Thursday, September 8, 2016

George Monbiot: The transatlantic trade deal TTIP may be dead, but something even worse is coming

Governments and corporate lobbyists keep inventing new ways to embed privatisation and circumvent democracy – in this case, the Canada-EU deal


TTIP has failed but they have a new agreement coming which could be even worse, but if that one fails too they have yet another one up their sleeve. The Europeans, Americans, and the Canadian neoliberals are hoping to eventually slip one of these deals through.

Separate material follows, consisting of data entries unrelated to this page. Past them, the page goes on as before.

lemma calR_psd:
  assumes R: "sym_pd m R" and v: "v \<in> carrier_vec (N*m)"
  shows "qform (calR N m R) v \<ge> 0"
proof -
  have "qform (calR N m R) v = (\<Sum>b<N. qform R (vec m (\<lambda>a. v $ (b*m + a))))"
    unfolding calR_def
    using qform_blockdiag_mat[of N "\<lambda>i. R" m v] R v by (simp add: sym_pd_def)
  also have "\<dots> \<ge> 0"
  proof (intro sum_nonneg)
    fix b
    let ?w = "vec m (\<lambda>a. v $ (b*m + a))"
    show "0 \<le> qform R ?w"
    proof (cases "?w = 0\<^sub>v m")
      case True then show ?thesis using R by (auto simp: qform_def sym_pd_def)
    next
      case False then show ?thesis using R unfolding sym_pd_def by (auto intro: less_imp_le)
    qed
  qed
  finally show ?thesis .
qed

lemma calQ_sym:
  assumes Q: "sym_psd d Q" and Qf: "sym_psd d Qf"
  shows "(calQ N d Q Qf)\<^sup>T = calQ N d Q Qf"
proof (rule eq_matI)
  fix i j assume ij: "i < dim_row (calQ N d Q Qf)" "j < dim_col (calQ N d Q Qf)"
  then have ij: "i < (N+1)*d" "j < (N+1)*d" by (simp_all add: calQ_def blockmat_def)
  then have d: "i mod d < d" "j mod d < d" by (cases "d = 0"; auto)+
  have symQ: "Q $$ (a,b) = Q $$ (b,a)" "Qf $$ (a,b) = Qf $$ (b,a)" if "a < d" "b < d" for a b
  proof -
    have c: "Q \<in> carrier_mat d d" "Qf \<in> carrier_mat d d" and t: "Q\<^sup>T = Q" "Qf\<^sup>T = Qf"
      using Q Qf unfolding sym_psd_def by auto
    have "Q\<^sup>T $$ (a,b) = Q $$ (b,a)" "Qf\<^sup>T $$ (a,b) = Qf $$ (b,a)" using c that by auto
    then show "Q $$ (a,b) = Q $$ (b,a)" "Qf $$ (a,b) = Qf $$ (b,a)" using t by simp_all
  qed
  show "(calQ N d Q Qf)\<^sup>T $$ (i, j) = calQ N d Q Qf $$ (i, j)"
    using ij d symQ by (simp add: calQ_def blockmat_def)
qed (simp_all add: calQ_def blockmat_def)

The British government is also dead enthusiastic for it too.  Neoliberalism is like the invasion of the body snatchers - they're everywhere.

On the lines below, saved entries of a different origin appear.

(* Let $F=P_{\ell_1}\cup\cdots\cup P_{\ell_k}$ be a linear forest with $k\ge2$, $\ell_1\ge\cdots\ge\ell_k\ge2$ and $\ell_i\ne 3$ for all $i$. If the graph $P_{2\delta_F+1}\cup P_{\delta_F}$ is $F$-free, then either $F\in\{5P_5,\ 2P_\ell,\ P_{\ell+1}\cup P_\ell\}$ for some integer $\ell$, or $F\in\{P_{\ell+2}\cup P_\ell,\ 2P_\ell\cup P_2\}$ for some odd integer $\ell$.
   Context: $P_m$ is the path on $m$ vertices; $G\cup H$ is disjoint union and $tG$ is $t$ disjoint copies of $G$. $\delta_F=\sum_{i=1}^k\lfloor \ell_i/2\rfloor-1$. A graph is $F$-free if it has no subgraph isomorphic to $F$. *)

theory Defs
  imports Main
begin

text \<open>Simple graphs are given by a vertex set and a symmetric, irreflexive
adjacency relation.\<close>

definition subgraph_of ::
  "'a set \<Rightarrow> ('a \<Rightarrow> 'a \<Rightarrow> bool) \<Rightarrow> 'b set \<Rightarrow> ('b \<Rightarrow> 'b \<Rightarrow> bool) \<Rightarrow> bool" where
  "subgraph_of VF EF VG EG \<longleftrightarrow>
     (\<exists>f. inj_on f VF \<and> f ` VF \<subseteq> VG \<and>
          (\<forall>u\<in>VF. \<forall>v\<in>VF. EF u v \<longrightarrow> EG (f u) (f v)))"

text \<open>The linear forest  P_{ls!0} \<union> ... \<union> P_{ls!(k-1)}: vertex (i,j) is the
j-th vertex of the i-th path (which has ls!i vertices).\<close>

definition lf_verts :: "nat list \<Rightarrow> (nat \<times> nat) set" where
  "lf_verts ls = {(i, j). i < length ls \<and> j < ls ! i}"

definition lf_edge :: "nat list \<Rightarrow> nat \<times> nat \<Rightarrow> nat \<times> nat \<Rightarrow> bool" where
  "lf_edge ls u v \<longleftrightarrow> u \<in> lf_verts ls \<and> v \<in> lf_verts ls \<and> fst u = fst v \<and>
     (snd v = snd u + 1 \<or> snd u = snd v + 1)"

definition lf_free :: "nat list \<Rightarrow> nat list \<Rightarrow> bool" where
  "lf_free ms ls \<longleftrightarrow> \<not> subgraph_of (lf_verts ls) (lf_edge ls) (lf_verts ms) (lf_edge ms)"

definition delta_F :: "nat list \<Rightarrow> nat" where
  "delta_F ls = (\<Sum>l\<leftarrow>ls. l div 2) - 1"

end

theory Submission
  imports Defs
begin

text \<open>Let s be the sum of the halves l div 2 of the path orders and o the number
of odd paths, so that F has 2s + o vertices and delta_F = s - 1. Laying paths end to
end shows that F embeds into P_(2s-1) \<union> P_(s-1) as soon as some set of its paths
has total order between o + 1 and s - 1. If the second longest path P_b satisfies
b + o < s, such a set is found greedily among the paths other than the longest one.
Otherwise P_b alone has the right order, unless b is so large compared with s that
at most five paths are present; a finite case analysis of these leaves exactly the
listed forests.\<close>

definition half_sum :: "nat list \<Rightarrow> nat" where
  "half_sum ls = (\<Sum>l\<leftarrow>ls. l div 2)"

definition odd_count :: "nat list \<Rightarrow> nat" where
  "odd_count ls = (\<Sum>l\<leftarrow>ls. l mod 2)"

lemma delta_F_eq_half_sum: "delta_F ls = half_sum ls - 1"
  unfolding delta_F_def half_sum_def ..

lemma sum_list_eq_half_sum_odd_count: "sum_list ls = 2 * half_sum ls + odd_count ls"
  unfolding half_sum_def odd_count_def by (induction ls) auto

lemma sum_nth_eq_sum_list: "(\<Sum>i<length ls. ls ! i) = sum_list ls"
  by (simp add: sum_list_sum_nth atLeast0LessThan)

definition path_offset :: "nat list \<Rightarrow> nat set \<Rightarrow> nat \<Rightarrow> nat" where
  "path_offset ls A i = (\<Sum>x\<in>{x\<in>A. x < i}. ls ! x)"

lemma path_offset_add_le:
  assumes "finite A" "i \<in> A" "{x\<in>A. x < i} \<subseteq> K" "i \<in> K" "K \<subseteq> A"
  shows "path_offset ls A i + ls ! i \<le> (\<Sum>x\<in>K. ls ! x)"
proof -
  have "path_offset ls A i + ls ! i = (\<Sum>x\<in>insert i {x\<in>A. x < i}. ls ! x)"
    unfolding path_offset_def using assms(1) by simp
  also have "\<dots> \<le> (\<Sum>x\<in>K. ls ! x)"
    using assms by (intro sum_mono2) (auto intro: finite_subset)
  finally show ?thesis .
qed

lemma path_offset_inj:
  assumes "finite A" "i \<in> A" "i' \<in> A" "j < ls ! i" "j' < ls ! i'"
    and "path_offset ls A i + j = path_offset ls A i' + j'"
  shows "i = i'"
proof -
  have less: "path_offset ls A p + q < path_offset ls A p' + q'"
    if "p \<in> A" "p' \<in> A" "p < p'" "q < ls ! p" for p p' q q'
  proof -
    have "path_offset ls A p + ls ! p \<le> (\<Sum>x\<in>{x\<in>A. x < p'}. ls ! x)"
      using that assms(1) by (intro path_offset_add_le) auto
    then show ?thesis using that(4) unfolding path_offset_def by linarith
  qed
  show ?thesis
    using less[of i i' j j'] less[of i' i j' j] assms by (cases i i' rule: linorder_cases) auto
qed

text \<open>The paths indexed by I are laid end to end along the path of order m1, the
remaining ones along the path of order m0.\<close>

lemma subgraph_of_lf_two_paths:
  assumes I: "I \<subseteq> {..<length ls}"
    and fits1: "(\<Sum>i\<in>I. ls ! i) \<le> m1"
    and fits0: "(\<Sum>i\<in>{..<length ls} - I. ls ! i) \<le> m0"
  shows "subgraph_of (lf_verts ls) (lf_edge ls) (lf_verts [m0, m1]) (lf_edge [m0, m1])"
proof -
  define J where "J = {..<length ls} - I"
  define f where "f = (\<lambda>(i, j). if i \<in> I then (1::nat, path_offset ls I i + j)
                                  else (0, path_offset ls J i + j))"
  have fin: "finite I" "finite J"
    using I finite_subset unfolding J_def by auto
  have pos1: "path_offset ls I i + j < m1" if "i \<in> I" "j < ls ! i" for i j
    using path_offset_add_le[OF fin(1) that(1), of I ls] fits1 that by auto
  have pos0: "path_offset ls J i + j < m0" if "i \<in> J" "j < ls ! i" for i j
    using path_offset_add_le[OF fin(2) that(1), of J ls] fits0 that
    unfolding J_def[symmetric] by auto
  have img: "f ` lf_verts ls \<subseteq> lf_verts [m0, m1]"
  proof (rule image_subsetI)
    fix u assume "u \<in> lf_verts ls"
    then obtain i j where "u = (i, j)" "i < length ls" "j < ls ! i"
      unfolding lf_verts_def by auto
    then show "f u \<in> lf_verts [m0, m1]"
      using pos0[of i j] pos1[of i j] unfolding f_def lf_verts_def J_def by auto
  qed
  have "inj_on f (lf_verts ls)"
  proof (rule inj_onI)
    fix u v assume "u \<in> lf_verts ls" "v \<in> lf_verts ls" "f u = f v"
    moreover obtain i j i' j' where "u = (i, j)" "v = (i', j')" by fastforce
    ultimately show "u = v"
      using path_offset_inj[OF fin(1), of i i' j ls j']
        path_offset_inj[OF fin(2), of i i' j ls j']
      unfolding f_def lf_verts_def J_def by (auto split: if_splits)
  qed
  moreover have "lf_edge [m0, m1] (f u) (f v)" if "lf_edge ls u v" for u v
  proof -
    obtain i j i' j' where "u = (i, j)" "v = (i', j')" by fastforce
    moreover have "u \<in> lf_verts ls" "v \<in> lf_verts ls" using that unfolding lf_edge_def by auto
    ultimately show ?thesis using that img unfolding lf_edge_def f_def by auto
  qed
  ultimately show ?thesis unfolding subgraph_of_def using img by blast
qed

lemma not_lf_free_of_balanced_split:
  assumes "I \<subseteq> {..<length ls}"
    and "odd_count ls + 1 \<le> (\<Sum>i\<in>I. ls ! i)" "(\<Sum>i\<in>I. ls ! i) \<le> delta_F ls"
  shows "\<not> lf_free [2 * delta_F ls + 1, delta_F ls] ls"
proof -
  have "(\<Sum>i\<in>{..<length ls} - I. ls ! i) = sum_list ls - (\<Sum>i\<in>I. ls ! i)"
    using assms(1) by (subst sum_diff_nat) (auto intro: finite_subset simp: sum_nth_eq_sum_list)
  also have "\<dots> \<le> 2 * delta_F ls + 1"
    using assms(2,3) unfolding sum_list_eq_half_sum_odd_count delta_F_eq_half_sum by linarith
  finally show ?thesis
    using subgraph_of_lf_two_paths[OF assms(1,3)] unfolding lf_free_def by blast
qed

lemma subset_sum_between:
  fixes w :: "'a \<Rightarrow> nat"
  assumes "finite A" "\<forall>x\<in>A. w x + L \<le> U + 1" "L \<le> sum w A"
  shows "\<exists>T\<subseteq>A. L \<le> sum w T \<and> sum w T \<le> U"
  using assms
proof (induction A rule: finite_induct)
  case (insert x A)
  show ?case
  proof (cases "L \<le> sum w A")
    case True
    then show ?thesis using insert by blast
  next
    case False
    then show ?thesis using insert by (intro exI[of _ "insert x A"]) auto
  qed
qed simp

lemma mod_two_add_one_le_div_two:
  fixes l :: nat
  assumes "2 \<le> l" "l \<noteq> 3"
  shows "l mod 2 + 1 \<le> l div 2"
proof -
  have "l = 2 \<or> 4 \<le> l" using assms by linarith
  then show ?thesis by (auto dest: div_le_mono[where k = 2])
qed

lemma odd_count_add_length_le_half_sum:
  assumes "\<forall>l\<in>set ls. 2 \<le> l \<and> l \<noteq> 3"
  shows "odd_count ls + length ls \<le> half_sum ls"
  using assms mod_two_add_one_le_div_two
  unfolding odd_count_def half_sum_def by (induction ls) fastforce+

lemma balanced_split_from_tail:
  assumes ls: "ls = a # b # rest" and sorted: "sorted_wrt (\<ge>) ls"
    and paths: "\<forall>l\<in>set ls. 2 \<le> l \<and> l \<noteq> 3"
    and short: "b + odd_count ls < half_sum ls"
  shows "\<exists>I\<subseteq>{..<length ls}. odd_count ls + 1 \<le> (\<Sum>i\<in>I. ls ! i)
                             \<and> (\<Sum>i\<in>I. ls ! i) \<le> delta_F ls"
proof -
  define A where "A = {1..<length ls}"
  have le_b: "ls ! i \<le> b" if "i \<in> A" for i
  proof (cases "i = 1")
    case False
    then show ?thesis
      using that sorted_wrt_nth_less[OF sorted, of 1 i] ls unfolding A_def by auto
  qed (use ls in simp)
  have "{..<length ls} = insert 0 A" "0 \<notin> A"
    using ls unfolding A_def by auto
  then have "sum_list ls = a + (\<Sum>i\<in>A. ls ! i)"
    using ls unfolding sum_nth_eq_sum_list[symmetric] A_def by simp
  then have tail: "(\<Sum>i\<in>A. ls ! i) = sum_list (b # rest)" using ls by simp
  have "odd_count (b # rest) + 1 \<le> half_sum (b # rest)"
    using odd_count_add_length_le_half_sum[of "b # rest"] paths ls by simp
  then have "odd_count ls + 1 \<le> (\<Sum>i\<in>A. ls ! i)"
    unfolding tail sum_list_eq_half_sum_odd_count using ls
    by (simp add: odd_count_def)
  moreover have "\<forall>i\<in>A. ls ! i + (odd_count ls + 1) \<le> delta_F ls + 1"
    using le_b short unfolding delta_F_eq_half_sum by fastforce
  ultimately have "\<exists>I\<subseteq>A. odd_count ls + 1 \<le> (\<Sum>i\<in>I. ls ! i)
                           \<and> (\<Sum>i\<in>I. ls ! i) \<le> delta_F ls"
    by (intro subset_sum_between) (simp_all add: A_def)
  moreover have "A \<subseteq> {..<length ls}"
    unfolding A_def by auto
  ultimately show ?thesis
    by (meson order_trans)
qed

abbreviation exceptional_forest :: "nat list \<Rightarrow> bool" where
  "exceptional_forest ls \<equiv> ls = replicate 5 5
      \<or> (\<exists>l. ls = [l, l] \<or> ls = [l + 1, l])
      \<or> (\<exists>l. odd l \<and> (ls = [l + 2, l] \<or> ls = [l, l, 2]))"

text \<open>By tight, the excesses l div 2 - l mod 2 \<ge> 1 of all paths add up to at most b.
The two longest paths alone have excess at least b - 2 (b mod 2) - a mod 2, which
leaves room for at most three further paths.\<close>

lemma exceptional_forest_of_tight:
  assumes sorted: "sorted_wrt (\<ge>) (a # b # rest)"
    and paths: "\<forall>l\<in>set (a # b # rest). 2 \<le> l \<and> l \<noteq> 3"
    and tight: "half_sum (a # b # rest) \<le> b + odd_count (a # b # rest)"
    and no_split: "b \<le> odd_count (a # b # rest) \<or> half_sum (a # b # rest) \<le> b"
  shows "exceptional_forest (a # b # rest)"
proof -
  define h p where "h l = l div 2" and "p l = l mod 2" for l :: nat
  have decomp: "2 * h l + p l = l" for l
    unfolding h_def p_def by simp
  have hp: "\<forall>l\<in>set (a # b # rest). p l \<le> 1 \<and> p l + 1 \<le> h l"
    using paths mod_two_add_one_le_div_two unfolding h_def p_def by auto
  have sorted_hp: "\<forall>l\<in>set rest. 2 * h l + p l \<le> 2 * h b + p b"
    "2 * h b + p b \<le> 2 * h a + p a" "h b \<le> h a"
    using sorted unfolding decomp by (auto simp: h_def intro: div_le_mono)
  have sums: "half_sum xs = (\<Sum>l\<leftarrow>xs. h l)" "odd_count xs = (\<Sum>l\<leftarrow>xs. p l)" for xs
    unfolding half_sum_def odd_count_def h_def p_def by simp_all
  have tight': "h a + h b + (\<Sum>l\<leftarrow>rest. h l)
      \<le> 2 * h b + p b + p a + p b + (\<Sum>l\<leftarrow>rest. p l)"
    using tight unfolding sums by (simp add: decomp)
  have no_split': "2 * h b + p b \<le> p a + p b + (\<Sum>l\<leftarrow>rest. p l)
      \<or> h a + h b + (\<Sum>l\<leftarrow>rest. h l) \<le> 2 * h b + p b"
    using no_split unfolding sums by (simp add: decomp add.assoc)
  have "(\<Sum>l\<leftarrow>rest. p l) + length rest \<le> (\<Sum>l\<leftarrow>rest. h l)"
    using odd_count_add_length_le_half_sum[of rest] paths unfolding sums by simp
  then have "length rest \<le> 3"
    using tight' hp sorted_hp by simp
  then consider "rest = []" | x where "rest = [x]" | x y where "rest = [x, y]"
    | x y z where "rest = [x, y, z]"
    by (auto simp: le_Suc_eq length_Suc_conv numeral_eq_Suc)
  then show ?thesis
  proof cases
    case 1
    then have "h a \<le> h b + p b"
      using tight' no_split' hp by simp
    then have "a = b \<or> a = b + 1 \<or> (odd b \<and> a = b + 2)"
      using sorted_hp(2) unfolding decomp h_def p_def by presburger
    then show ?thesis using 1 by auto
  next
    case (2 x)
    then have "h a = h b \<and> p a = 1 \<and> p b = 1 \<and> h x = 1 \<and> p x = 0"
      using tight' no_split' hp sorted_hp by simp
    then have "odd b \<and> a = b \<and> x = 2"
      using decomp[of a] decomp[of b] decomp[of x] unfolding p_def by presburger
    then show ?thesis using 2 by auto
  next
    case (3 x y)
    then show ?thesis
      using tight' no_split' hp sorted_hp by simp
  next
    case (4 x y z)
    then have "h a = 2 \<and> h b = 2 \<and> h x = 2 \<and> h y = 2 \<and> h z = 2
        \<and> p a = 1 \<and> p b = 1 \<and> p x = 1 \<and> p y = 1 \<and> p z = 1"
      using tight' no_split' hp sorted_hp(3) by simp
    then have "a = 5 \<and> b = 5 \<and> x = 5 \<and> y = 5 \<and> z = 5"
      using decomp[of a] decomp[of b] decomp[of x] decomp[of y] decomp[of z] by simp
    then show ?thesis using 4 by (simp add: numeral_eq_Suc)
  qed
qed

lemma balanced_split_exists:
  assumes "length ls \<ge> 2" "sorted_wrt (\<ge>) ls" "\<forall>l\<in>set ls. 2 \<le> l \<and> l \<noteq> 3"
    and "\<not> exceptional_forest ls"
  shows "\<exists>I\<subseteq>{..<length ls}. odd_count ls + 1 \<le> (\<Sum>i\<in>I. ls ! i)
                             \<and> (\<Sum>i\<in>I. ls ! i) \<le> delta_F ls"
proof -
  obtain a b rest where ls: "ls = a # b # rest"
    using assms(1) by (cases ls; cases "tl ls") auto
  show ?thesis
  proof (cases "b + odd_count ls < half_sum ls")
    case True
    then show ?thesis using balanced_split_from_tail[OF ls assms(2,3)] by blast
  next
    case False
    have "odd_count ls + 1 \<le> b \<and> b \<le> delta_F ls"
    proof (rule ccontr)
      assume "\<not> (odd_count ls + 1 \<le> b \<and> b \<le> delta_F ls)"
      then have "b \<le> odd_count ls \<or> half_sum ls \<le> b"
        unfolding delta_F_eq_half_sum by linarith
      then show False
        using exceptional_forest_of_tight[of a b rest] False assms(2-4) ls by auto
    qed
    then show ?thesis using ls by (intro exI[of _ "{1}"]) auto
  qed
qed

theorem mainTheorem4:
  fixes ls :: "nat list"
  assumes "length ls \<ge> 2"
    and "sorted_wrt (\<ge>) ls"
    and "\<forall>l\<in>set ls. l \<ge> 2"
    and "\<forall>l\<in>set ls. l \<noteq> 3"
    and "lf_free [2 * delta_F ls + 1, delta_F ls] ls"
  shows "ls = replicate 5 5
      \<or> (\<exists>l. ls = [l, l] \<or> ls = [l + 1, l])
      \<or> (\<exists>l. odd l \<and> (ls = [l + 2, l] \<or> ls = [l, l, 2]))"
proof (rule ccontr)
  assume "\<not> ?thesis"
  then obtain I where "I \<subseteq> {..<length ls}"
    "odd_count ls + 1 \<le> (\<Sum>i\<in>I. ls ! i)" "(\<Sum>i\<in>I. ls ! i) \<le> delta_F ls"
    using balanced_split_exists[of ls] assms(1-4) by auto
  then show False
    using not_lf_free_of_balanced_split assms(5) by blast
qed

end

https://www.theguardian.com/commentisfree/2016/sep/06/transatlantic-trade-partnership-ttip-canada-eu

Excerpts:

But the lobbyists who demanded this charter for corporate rights never give up. TTIP has been booed off the stage but another treaty, whose probable impacts are almost identical, is waiting in the wings. And this one is more advanced, wanting only final approval. If this happens before Britain leaves the EU, we are likely to be stuck with it for 20 years.
The Comprehensive Economic and Trade Agreement (Ceta) is ostensibly a deal between the EU and Canada. You might ask what harm Canada could do us. But it allows any corporation that operates there, wherever its headquarters might be, to sue governments before an international tribunal. It threatens to tear down laws protecting us from exploitation and prevent parliaments on both sides of the Atlantic from legislating.
After long hours struggling with the treaty, I realised I hadn’t a hope of grasping its implications. I have had to rely on experts commissioned by groups such as Attac in Germany and the Canadian Centre for Policy Alternatives.
Like TTIP, Ceta threatens to lock in privatisation, making renationalisation (of Britain’s railways, say) or attempts by cities to take control of failing public services (as Joseph Chamberlain did in Birmingham in the 19th century, laying the foundations for modern social provision) impossible. Like TTIP, it uses a broad definition of both investment and expropriation to allow corporations to sue governments when they believe their “future anticipated profits” might be threatened by new laws.
 Like TTIP, it restricts the ways in which governments may protect their people. It appears to prohibit, for example, rules that would prevent banks from becoming too big to fail. It seems to threaten our planning laws and other commonsense protections.
Anything not specifically exempted from the agreement is considered covered. In other words, if governments do not spot a potential hazard before the hazard emerges, they are stuck with it. The EU appears to have relinquished its ability, for example, to insist that investment and retail banking be separated.
Ceta claims to be a trade treaty, but many of its provisions have little to do with trade. They are attempts to circumscribe democracy on behalf of corporate power. Millions of people in Europe and Canada want to emerge from the neoliberal era. But such treaties would lock us into it, allowing the politics we have rejected to govern us beyond the grave.

2 comments:

Tom Hickey said...

Takeaway — Ceta claims to be a trade treaty, but many of its provisions have little to do with trade. They are attempts to circumscribe democracy on behalf of corporate power. Millions of people in Europe and Canada want to emerge from the neoliberal era. But such treaties would lock us into it, allowing the politics we have rejected to govern us beyond the grave.

Kaivey said...

Beyond the grave, like the invasion of the body snatchers. The corpse keeps walking. There's too much money in it, and it's full of bribery.